Work order. Retype, word for word, every line from the one holding "text \<open>If \<open>S\<close>" through the one holding "in degree \<open>g\<close>." in the entries below, both included, and only those lines.

Stored entries
··········
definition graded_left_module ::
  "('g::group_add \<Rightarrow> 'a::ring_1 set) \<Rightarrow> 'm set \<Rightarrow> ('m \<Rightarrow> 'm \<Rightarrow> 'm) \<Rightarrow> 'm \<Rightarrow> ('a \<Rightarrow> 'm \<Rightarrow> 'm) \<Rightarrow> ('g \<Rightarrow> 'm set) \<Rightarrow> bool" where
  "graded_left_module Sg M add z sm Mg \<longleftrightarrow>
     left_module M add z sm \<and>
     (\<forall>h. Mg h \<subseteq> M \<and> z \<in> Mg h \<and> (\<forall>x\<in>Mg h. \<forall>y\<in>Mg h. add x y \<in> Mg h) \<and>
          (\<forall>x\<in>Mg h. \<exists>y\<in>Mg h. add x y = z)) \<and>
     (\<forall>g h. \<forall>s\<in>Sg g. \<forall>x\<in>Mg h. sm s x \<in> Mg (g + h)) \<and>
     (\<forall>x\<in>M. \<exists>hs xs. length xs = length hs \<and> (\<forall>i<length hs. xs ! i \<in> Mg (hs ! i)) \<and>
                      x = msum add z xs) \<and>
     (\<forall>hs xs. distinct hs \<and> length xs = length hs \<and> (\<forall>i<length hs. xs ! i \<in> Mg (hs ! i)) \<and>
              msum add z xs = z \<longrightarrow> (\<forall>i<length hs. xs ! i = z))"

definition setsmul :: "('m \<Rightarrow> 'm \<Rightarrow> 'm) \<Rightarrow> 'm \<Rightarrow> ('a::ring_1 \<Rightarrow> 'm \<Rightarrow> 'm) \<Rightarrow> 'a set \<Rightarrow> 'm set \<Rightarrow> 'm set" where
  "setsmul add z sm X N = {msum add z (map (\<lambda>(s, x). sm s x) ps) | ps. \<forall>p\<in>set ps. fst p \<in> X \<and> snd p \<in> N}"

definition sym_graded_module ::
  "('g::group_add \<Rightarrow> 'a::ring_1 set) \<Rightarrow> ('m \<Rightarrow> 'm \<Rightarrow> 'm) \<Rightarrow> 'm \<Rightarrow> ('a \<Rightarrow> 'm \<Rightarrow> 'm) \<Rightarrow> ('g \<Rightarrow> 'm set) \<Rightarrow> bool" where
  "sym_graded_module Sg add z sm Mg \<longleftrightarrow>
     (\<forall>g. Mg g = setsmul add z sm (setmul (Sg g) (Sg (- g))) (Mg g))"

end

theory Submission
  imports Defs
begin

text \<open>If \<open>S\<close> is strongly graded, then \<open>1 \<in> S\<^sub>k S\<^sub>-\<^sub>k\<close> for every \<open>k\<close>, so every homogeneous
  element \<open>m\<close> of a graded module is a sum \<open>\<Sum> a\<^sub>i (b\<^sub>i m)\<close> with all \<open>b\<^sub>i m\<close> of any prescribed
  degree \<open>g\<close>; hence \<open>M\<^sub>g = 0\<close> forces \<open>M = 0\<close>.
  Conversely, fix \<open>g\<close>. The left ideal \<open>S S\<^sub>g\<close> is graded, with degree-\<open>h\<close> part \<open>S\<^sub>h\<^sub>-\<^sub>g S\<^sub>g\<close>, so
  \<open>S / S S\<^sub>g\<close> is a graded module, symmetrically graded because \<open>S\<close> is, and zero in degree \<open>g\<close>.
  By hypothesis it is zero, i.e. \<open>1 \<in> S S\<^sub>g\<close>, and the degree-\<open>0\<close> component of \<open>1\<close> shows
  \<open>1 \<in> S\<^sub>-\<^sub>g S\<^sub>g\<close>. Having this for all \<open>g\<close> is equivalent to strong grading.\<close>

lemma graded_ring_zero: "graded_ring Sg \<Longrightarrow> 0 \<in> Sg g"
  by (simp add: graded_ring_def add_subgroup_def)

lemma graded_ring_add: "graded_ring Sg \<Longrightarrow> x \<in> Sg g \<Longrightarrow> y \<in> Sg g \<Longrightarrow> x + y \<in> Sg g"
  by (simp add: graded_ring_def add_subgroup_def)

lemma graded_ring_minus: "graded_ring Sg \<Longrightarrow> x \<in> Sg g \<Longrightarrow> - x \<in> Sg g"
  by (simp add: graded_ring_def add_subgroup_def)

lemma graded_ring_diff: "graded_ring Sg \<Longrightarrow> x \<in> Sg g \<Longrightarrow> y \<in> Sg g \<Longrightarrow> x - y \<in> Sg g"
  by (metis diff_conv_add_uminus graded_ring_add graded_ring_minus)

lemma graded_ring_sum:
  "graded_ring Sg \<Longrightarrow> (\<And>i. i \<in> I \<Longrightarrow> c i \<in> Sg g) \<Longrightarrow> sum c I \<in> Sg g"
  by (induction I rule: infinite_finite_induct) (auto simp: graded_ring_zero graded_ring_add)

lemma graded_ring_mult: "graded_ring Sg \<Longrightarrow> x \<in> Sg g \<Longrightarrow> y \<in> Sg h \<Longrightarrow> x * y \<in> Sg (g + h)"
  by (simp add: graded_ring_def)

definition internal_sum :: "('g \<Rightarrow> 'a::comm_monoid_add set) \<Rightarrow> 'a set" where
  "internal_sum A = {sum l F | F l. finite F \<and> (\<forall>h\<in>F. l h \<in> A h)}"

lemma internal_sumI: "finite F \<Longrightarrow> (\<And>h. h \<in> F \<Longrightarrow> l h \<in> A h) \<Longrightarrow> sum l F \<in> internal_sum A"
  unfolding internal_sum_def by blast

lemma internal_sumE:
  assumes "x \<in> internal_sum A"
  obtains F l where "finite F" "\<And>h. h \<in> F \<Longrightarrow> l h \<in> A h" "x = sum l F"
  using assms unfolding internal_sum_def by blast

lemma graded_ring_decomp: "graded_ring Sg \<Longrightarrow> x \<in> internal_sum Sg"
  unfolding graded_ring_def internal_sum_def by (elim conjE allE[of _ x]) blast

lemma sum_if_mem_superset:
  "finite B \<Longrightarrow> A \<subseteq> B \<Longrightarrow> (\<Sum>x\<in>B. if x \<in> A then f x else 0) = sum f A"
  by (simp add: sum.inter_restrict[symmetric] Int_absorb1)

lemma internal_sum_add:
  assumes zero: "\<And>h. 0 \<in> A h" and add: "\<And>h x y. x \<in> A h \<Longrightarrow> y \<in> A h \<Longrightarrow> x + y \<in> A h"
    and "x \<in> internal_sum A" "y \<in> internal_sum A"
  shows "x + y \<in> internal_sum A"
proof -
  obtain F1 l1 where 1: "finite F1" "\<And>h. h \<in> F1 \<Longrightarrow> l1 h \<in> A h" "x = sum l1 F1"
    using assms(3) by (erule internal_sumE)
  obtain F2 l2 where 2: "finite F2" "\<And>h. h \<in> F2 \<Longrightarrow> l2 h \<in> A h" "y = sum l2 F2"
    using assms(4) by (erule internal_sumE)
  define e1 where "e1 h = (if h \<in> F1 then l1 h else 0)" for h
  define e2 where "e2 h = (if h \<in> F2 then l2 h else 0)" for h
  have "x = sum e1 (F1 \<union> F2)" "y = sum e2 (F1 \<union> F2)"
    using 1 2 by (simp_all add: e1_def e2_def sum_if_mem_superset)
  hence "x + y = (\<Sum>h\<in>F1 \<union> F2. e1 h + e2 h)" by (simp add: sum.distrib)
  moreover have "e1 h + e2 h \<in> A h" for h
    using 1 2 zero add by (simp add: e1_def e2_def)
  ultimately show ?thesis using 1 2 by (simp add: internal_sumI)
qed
··········
Result of the exercise.
text \<open>If \<open>S\<close> is strongly graded, then \<open>1 \<in> S\<^sub>k S\<^sub>-\<^sub>k\<close> for every \<open>k\<close>, so every homogeneous
  element \<open>m\<close> of a graded module is a sum \<open>\<Sum> a\<^sub>i (b\<^sub>i m)\<close> with all \<open>b\<^sub>i m\<close> of any prescribed
  degree \<open>g\<close>; hence \<open>M\<^sub>g = 0\<close> forces \<open>M = 0\<close>.
  Conversely, fix \<open>g\<close>. The left ideal \<open>S S\<^sub>g\<close> is graded, with degree-\<open>h\<close> part \<open>S\<^sub>h\<^sub>-\<^sub>g S\<^sub>g\<close>, so
  \<open>S / S S\<^sub>g\<close> is a graded module, symmetrically graded because \<open>S\<close> is, and zero in degree \<open>g\<close>.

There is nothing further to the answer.